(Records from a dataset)

== == ==

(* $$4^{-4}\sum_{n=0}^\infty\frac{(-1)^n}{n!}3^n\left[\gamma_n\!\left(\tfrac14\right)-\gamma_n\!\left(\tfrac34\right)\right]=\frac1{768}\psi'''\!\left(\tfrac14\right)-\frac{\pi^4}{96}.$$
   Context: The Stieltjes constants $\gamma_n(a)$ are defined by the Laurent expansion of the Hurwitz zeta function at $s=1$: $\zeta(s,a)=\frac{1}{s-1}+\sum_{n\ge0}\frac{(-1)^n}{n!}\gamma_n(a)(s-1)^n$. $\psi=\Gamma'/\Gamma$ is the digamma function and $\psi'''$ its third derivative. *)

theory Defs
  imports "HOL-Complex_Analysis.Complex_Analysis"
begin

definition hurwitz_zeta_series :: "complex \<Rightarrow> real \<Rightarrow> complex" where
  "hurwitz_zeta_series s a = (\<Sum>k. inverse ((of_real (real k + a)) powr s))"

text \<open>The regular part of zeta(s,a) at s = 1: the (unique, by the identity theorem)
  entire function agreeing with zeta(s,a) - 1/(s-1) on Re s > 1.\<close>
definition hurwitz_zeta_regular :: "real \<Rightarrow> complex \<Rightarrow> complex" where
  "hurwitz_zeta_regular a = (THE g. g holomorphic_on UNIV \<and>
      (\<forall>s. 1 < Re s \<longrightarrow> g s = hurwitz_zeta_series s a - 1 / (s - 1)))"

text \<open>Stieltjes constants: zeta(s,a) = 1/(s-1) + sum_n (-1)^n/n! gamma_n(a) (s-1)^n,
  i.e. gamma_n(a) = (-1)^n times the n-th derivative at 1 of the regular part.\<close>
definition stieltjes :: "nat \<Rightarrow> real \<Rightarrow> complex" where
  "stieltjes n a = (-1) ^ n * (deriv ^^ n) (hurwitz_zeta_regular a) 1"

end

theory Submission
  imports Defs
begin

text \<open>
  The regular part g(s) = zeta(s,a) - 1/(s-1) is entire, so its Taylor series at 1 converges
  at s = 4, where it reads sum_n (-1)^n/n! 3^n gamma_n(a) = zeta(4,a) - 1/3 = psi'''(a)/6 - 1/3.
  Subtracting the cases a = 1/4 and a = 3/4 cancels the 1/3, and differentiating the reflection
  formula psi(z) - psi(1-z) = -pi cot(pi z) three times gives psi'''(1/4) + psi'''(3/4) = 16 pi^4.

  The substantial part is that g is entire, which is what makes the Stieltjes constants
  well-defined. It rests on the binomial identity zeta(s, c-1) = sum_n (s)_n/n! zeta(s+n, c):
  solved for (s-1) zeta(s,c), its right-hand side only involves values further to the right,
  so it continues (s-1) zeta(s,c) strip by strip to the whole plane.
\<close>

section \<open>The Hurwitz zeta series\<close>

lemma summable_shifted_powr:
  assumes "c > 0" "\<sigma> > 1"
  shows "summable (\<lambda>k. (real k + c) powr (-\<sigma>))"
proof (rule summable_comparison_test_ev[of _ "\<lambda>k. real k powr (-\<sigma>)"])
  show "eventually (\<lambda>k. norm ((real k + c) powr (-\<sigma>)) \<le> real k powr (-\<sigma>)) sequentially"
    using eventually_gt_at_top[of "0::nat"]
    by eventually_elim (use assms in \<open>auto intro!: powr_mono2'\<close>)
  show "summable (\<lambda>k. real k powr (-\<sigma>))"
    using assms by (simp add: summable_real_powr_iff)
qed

== == ==

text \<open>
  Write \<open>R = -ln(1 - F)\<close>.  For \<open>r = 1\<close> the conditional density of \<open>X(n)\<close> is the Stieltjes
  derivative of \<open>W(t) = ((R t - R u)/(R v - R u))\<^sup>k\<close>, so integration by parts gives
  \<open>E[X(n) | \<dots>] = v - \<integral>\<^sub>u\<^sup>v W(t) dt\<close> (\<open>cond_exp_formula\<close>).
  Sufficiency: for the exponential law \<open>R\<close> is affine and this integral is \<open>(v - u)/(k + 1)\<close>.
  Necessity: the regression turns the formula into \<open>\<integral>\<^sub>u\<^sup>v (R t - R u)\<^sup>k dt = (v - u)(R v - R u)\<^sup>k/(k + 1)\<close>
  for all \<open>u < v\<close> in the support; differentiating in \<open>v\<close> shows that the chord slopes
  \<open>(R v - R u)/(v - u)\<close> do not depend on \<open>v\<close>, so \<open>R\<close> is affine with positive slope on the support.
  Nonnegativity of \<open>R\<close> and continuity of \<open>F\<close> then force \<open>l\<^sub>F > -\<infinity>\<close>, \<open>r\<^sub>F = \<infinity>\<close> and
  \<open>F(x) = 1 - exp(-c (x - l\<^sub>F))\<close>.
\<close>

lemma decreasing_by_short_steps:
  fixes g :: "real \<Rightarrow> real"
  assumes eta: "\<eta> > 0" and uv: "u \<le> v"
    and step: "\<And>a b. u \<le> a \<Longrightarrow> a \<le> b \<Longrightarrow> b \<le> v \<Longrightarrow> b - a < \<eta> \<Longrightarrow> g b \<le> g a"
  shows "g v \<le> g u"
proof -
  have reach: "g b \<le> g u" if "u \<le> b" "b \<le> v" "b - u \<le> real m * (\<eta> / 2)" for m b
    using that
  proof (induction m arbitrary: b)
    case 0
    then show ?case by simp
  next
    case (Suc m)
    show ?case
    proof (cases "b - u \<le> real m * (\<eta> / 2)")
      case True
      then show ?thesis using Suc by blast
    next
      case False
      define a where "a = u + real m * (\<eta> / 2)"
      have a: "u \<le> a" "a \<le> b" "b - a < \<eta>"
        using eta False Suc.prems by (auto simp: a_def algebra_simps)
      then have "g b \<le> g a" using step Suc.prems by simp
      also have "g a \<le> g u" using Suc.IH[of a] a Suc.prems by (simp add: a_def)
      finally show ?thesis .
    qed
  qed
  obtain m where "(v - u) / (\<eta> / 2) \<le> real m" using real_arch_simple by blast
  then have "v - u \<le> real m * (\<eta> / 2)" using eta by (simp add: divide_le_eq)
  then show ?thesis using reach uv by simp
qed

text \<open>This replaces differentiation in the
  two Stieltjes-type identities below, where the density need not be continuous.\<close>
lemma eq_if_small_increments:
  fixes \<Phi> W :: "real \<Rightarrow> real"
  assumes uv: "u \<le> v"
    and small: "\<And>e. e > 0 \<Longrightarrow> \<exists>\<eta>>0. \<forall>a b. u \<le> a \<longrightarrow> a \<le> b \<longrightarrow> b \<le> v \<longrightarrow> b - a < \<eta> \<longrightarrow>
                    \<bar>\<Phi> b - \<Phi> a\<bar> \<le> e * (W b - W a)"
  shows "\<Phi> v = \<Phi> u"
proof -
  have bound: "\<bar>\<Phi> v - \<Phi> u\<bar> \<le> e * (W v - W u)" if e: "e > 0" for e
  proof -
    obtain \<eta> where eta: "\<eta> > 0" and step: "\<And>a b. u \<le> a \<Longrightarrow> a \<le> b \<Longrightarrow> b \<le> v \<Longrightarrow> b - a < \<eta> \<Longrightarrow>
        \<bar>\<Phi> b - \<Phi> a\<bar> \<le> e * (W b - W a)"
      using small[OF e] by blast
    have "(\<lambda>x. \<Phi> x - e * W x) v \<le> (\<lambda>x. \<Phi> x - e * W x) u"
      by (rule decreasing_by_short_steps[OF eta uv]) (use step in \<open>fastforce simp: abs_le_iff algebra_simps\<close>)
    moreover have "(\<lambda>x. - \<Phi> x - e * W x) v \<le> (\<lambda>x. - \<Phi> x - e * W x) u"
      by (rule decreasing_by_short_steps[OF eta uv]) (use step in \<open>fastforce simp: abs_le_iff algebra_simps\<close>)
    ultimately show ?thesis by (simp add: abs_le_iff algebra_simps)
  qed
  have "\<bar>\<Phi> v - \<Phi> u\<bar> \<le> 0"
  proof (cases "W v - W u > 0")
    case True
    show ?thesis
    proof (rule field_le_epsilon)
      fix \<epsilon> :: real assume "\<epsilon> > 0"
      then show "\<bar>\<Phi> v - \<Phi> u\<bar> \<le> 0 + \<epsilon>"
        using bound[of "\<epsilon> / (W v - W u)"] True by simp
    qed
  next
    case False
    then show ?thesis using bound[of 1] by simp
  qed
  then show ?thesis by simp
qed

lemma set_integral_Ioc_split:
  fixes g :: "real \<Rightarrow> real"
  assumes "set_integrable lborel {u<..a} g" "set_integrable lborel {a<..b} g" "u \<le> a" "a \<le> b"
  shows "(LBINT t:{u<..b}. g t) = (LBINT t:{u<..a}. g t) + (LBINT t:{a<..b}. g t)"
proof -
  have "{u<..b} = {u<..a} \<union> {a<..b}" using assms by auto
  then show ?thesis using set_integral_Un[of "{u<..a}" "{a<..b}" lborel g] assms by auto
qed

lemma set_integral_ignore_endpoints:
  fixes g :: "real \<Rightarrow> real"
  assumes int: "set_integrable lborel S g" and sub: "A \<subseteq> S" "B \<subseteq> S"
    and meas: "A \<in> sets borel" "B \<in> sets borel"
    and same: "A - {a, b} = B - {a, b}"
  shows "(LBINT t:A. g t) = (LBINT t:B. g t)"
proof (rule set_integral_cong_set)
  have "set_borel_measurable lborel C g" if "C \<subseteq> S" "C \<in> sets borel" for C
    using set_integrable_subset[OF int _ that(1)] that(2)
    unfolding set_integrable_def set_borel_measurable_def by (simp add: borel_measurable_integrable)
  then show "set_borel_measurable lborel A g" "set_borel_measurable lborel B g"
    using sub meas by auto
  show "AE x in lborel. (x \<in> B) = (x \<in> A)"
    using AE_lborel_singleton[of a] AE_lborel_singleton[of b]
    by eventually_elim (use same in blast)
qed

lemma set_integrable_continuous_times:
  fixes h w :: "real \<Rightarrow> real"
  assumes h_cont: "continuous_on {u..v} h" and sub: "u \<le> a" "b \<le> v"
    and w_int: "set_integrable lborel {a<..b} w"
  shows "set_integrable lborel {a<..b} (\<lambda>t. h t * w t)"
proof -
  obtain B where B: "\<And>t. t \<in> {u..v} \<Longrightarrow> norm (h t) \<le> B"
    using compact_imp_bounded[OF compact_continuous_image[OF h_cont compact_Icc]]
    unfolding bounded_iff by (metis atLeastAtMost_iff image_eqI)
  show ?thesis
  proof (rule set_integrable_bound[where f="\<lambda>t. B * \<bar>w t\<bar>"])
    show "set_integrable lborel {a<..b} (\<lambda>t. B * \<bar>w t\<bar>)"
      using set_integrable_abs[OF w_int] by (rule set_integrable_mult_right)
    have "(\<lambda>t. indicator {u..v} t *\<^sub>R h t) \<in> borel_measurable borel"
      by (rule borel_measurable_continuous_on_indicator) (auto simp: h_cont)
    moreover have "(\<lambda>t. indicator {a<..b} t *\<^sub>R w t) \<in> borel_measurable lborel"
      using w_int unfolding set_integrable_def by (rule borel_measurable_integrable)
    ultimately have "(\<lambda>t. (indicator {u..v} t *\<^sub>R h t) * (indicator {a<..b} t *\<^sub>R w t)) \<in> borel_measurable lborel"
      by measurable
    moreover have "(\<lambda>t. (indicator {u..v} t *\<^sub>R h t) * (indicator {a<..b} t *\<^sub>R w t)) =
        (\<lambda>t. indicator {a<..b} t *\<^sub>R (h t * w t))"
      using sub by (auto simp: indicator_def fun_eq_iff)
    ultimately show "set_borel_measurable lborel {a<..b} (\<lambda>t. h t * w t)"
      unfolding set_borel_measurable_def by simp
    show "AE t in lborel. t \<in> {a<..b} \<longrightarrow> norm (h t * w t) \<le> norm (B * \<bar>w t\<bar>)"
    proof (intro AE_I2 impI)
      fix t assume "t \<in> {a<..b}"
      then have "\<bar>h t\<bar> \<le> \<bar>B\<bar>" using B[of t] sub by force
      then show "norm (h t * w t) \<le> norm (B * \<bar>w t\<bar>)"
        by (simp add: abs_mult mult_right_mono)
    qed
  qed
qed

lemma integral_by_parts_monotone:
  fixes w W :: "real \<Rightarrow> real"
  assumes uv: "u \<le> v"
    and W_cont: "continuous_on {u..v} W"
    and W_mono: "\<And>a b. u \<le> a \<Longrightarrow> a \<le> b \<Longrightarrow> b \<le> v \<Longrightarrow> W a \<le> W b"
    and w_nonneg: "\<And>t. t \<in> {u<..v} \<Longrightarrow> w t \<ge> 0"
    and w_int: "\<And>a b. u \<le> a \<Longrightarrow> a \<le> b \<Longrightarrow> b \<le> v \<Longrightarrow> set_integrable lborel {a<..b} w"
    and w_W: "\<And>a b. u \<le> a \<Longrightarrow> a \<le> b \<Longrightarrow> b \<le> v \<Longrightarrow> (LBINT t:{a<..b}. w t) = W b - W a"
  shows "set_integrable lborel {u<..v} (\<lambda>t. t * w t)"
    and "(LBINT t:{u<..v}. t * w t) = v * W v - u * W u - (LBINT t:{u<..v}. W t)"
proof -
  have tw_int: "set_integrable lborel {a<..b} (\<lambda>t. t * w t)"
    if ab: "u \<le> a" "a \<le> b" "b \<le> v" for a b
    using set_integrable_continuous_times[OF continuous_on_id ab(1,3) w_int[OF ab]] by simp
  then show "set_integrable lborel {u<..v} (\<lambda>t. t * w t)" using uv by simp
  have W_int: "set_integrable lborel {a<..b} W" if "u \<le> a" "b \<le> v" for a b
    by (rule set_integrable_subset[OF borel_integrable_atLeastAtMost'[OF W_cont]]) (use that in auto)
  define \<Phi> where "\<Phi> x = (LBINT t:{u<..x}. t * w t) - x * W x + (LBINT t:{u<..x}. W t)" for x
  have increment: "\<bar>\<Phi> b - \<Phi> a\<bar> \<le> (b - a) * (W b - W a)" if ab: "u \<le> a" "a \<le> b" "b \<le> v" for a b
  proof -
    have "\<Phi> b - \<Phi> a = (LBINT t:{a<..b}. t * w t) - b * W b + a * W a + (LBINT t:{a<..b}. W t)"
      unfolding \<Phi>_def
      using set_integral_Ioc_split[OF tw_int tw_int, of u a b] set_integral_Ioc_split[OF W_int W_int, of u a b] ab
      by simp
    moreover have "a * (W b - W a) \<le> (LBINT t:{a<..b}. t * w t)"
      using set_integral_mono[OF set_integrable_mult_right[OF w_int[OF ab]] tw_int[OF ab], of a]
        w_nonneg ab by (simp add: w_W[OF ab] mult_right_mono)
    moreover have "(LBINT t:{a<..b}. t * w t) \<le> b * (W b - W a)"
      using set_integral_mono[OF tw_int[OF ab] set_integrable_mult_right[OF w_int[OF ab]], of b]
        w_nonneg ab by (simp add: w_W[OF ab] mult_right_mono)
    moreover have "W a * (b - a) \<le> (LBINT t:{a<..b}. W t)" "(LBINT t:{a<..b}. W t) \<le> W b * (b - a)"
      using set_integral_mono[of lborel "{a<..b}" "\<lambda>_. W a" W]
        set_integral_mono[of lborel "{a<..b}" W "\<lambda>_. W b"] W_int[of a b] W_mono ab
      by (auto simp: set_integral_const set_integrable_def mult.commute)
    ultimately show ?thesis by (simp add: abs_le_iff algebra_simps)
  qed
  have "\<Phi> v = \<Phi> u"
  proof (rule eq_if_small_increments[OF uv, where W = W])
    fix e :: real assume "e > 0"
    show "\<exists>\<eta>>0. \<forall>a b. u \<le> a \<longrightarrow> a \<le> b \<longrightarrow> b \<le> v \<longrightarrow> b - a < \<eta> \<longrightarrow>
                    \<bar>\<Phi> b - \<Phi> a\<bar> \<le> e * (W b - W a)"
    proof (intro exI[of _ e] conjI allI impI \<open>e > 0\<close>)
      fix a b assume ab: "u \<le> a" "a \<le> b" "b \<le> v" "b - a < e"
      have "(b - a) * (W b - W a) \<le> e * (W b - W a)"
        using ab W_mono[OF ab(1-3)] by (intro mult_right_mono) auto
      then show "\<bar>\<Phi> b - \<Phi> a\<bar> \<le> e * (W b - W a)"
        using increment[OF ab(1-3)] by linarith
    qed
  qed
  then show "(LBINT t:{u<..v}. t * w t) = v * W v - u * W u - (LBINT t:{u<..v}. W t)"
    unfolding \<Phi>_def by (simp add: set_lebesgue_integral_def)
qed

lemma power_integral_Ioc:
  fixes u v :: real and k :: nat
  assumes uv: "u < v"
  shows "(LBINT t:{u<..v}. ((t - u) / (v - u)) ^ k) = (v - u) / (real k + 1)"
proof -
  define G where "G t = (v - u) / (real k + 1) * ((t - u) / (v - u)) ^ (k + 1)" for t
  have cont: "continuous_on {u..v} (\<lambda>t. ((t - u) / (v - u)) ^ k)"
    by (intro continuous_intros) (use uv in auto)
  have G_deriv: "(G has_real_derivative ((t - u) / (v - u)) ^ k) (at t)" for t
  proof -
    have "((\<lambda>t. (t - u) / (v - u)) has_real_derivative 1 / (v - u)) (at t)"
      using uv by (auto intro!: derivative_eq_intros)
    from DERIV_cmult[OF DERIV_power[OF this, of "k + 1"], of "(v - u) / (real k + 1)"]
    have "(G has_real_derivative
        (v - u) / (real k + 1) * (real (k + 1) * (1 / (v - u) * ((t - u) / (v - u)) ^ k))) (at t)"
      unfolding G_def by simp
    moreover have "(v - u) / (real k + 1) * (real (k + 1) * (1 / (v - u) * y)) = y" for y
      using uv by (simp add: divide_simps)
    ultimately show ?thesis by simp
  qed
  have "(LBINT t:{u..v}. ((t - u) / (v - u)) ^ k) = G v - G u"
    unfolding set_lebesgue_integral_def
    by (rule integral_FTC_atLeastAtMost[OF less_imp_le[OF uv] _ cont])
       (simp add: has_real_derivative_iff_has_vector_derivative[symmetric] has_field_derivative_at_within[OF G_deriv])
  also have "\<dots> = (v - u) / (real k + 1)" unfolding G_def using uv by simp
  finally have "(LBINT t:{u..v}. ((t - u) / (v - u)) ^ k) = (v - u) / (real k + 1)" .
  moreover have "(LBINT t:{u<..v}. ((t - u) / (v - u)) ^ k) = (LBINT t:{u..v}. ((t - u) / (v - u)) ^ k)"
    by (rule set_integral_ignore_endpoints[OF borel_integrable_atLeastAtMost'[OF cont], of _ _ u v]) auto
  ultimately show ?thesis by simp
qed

== == ==

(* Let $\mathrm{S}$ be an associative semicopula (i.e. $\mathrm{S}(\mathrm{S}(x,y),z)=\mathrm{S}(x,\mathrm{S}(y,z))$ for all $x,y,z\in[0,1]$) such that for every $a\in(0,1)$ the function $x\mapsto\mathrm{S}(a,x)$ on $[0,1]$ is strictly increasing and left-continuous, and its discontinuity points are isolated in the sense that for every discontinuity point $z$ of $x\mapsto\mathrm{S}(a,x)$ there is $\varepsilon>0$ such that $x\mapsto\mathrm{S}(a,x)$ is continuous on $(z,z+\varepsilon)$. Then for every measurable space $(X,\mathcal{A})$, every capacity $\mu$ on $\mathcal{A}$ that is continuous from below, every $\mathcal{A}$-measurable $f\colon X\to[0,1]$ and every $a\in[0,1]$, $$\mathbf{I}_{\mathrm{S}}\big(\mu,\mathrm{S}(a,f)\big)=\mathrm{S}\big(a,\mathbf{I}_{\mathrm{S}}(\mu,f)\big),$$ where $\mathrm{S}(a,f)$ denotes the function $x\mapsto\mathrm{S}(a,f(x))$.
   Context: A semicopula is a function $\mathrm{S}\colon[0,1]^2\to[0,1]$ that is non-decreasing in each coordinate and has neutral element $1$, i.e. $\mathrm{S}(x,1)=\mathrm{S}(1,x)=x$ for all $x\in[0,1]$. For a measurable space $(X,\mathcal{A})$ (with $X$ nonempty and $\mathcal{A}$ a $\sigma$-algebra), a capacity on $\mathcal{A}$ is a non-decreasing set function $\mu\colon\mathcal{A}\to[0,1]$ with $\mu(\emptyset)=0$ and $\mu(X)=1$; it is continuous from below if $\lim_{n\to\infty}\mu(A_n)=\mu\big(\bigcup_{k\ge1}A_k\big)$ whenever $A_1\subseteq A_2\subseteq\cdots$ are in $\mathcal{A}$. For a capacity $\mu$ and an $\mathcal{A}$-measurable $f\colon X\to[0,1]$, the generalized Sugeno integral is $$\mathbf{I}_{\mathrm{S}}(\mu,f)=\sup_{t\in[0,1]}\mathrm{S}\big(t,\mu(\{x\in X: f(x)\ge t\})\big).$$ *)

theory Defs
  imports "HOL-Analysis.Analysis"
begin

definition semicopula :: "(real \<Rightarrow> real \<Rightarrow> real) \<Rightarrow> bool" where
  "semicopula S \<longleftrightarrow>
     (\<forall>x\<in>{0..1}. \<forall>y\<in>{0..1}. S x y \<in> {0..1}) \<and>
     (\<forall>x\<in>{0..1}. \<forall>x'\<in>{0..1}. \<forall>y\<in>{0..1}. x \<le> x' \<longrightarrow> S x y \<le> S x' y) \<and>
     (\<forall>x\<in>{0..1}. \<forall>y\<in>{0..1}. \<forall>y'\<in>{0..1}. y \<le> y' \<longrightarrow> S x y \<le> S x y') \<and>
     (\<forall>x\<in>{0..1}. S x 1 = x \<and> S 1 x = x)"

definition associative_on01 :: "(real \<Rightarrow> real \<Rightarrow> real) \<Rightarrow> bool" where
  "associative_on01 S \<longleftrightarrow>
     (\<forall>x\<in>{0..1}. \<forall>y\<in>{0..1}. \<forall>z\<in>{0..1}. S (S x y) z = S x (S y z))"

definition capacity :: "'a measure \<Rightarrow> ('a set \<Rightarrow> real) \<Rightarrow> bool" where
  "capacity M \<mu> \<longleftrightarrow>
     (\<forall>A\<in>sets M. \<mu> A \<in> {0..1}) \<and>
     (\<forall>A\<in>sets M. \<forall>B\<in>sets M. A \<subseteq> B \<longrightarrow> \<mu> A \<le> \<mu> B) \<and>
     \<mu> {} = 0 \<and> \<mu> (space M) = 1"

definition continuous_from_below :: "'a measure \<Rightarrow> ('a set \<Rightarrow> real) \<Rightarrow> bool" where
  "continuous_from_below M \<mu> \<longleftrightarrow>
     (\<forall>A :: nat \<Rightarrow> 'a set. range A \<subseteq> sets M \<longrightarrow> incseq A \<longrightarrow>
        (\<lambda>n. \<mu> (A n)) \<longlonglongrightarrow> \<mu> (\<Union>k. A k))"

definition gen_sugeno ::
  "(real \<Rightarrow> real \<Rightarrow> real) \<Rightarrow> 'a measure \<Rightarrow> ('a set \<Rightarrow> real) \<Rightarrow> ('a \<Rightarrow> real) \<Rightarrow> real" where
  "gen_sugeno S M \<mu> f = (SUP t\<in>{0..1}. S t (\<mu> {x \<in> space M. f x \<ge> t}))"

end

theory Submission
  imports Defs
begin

== == ==

Prompt:
The output should be exactly the lines above from the line containing "(deriv ^^ n)" to the line containing "The substantial part", inclusive, with no other lines.

Answer to this task:
  "stieltjes n a = (-1) ^ n * (deriv ^^ n) (hurwitz_zeta_regular a) 1"

end

theory Submission
  imports Defs
begin

text \<open>
  The regular part g(s) = zeta(s,a) - 1/(s-1) is entire, so its Taylor series at 1 converges
  at s = 4, where it reads sum_n (-1)^n/n! 3^n gamma_n(a) = zeta(4,a) - 1/3 = psi'''(a)/6 - 1/3.
  Subtracting the cases a = 1/4 and a = 3/4 cancels the 1/3, and differentiating the reflection
  formula psi(z) - psi(1-z) = -pi cot(pi z) three times gives psi'''(1/4) + psi'''(3/4) = 16 pi^4.

  The substantial part is that g is entire, which is what makes the Stieltjes constants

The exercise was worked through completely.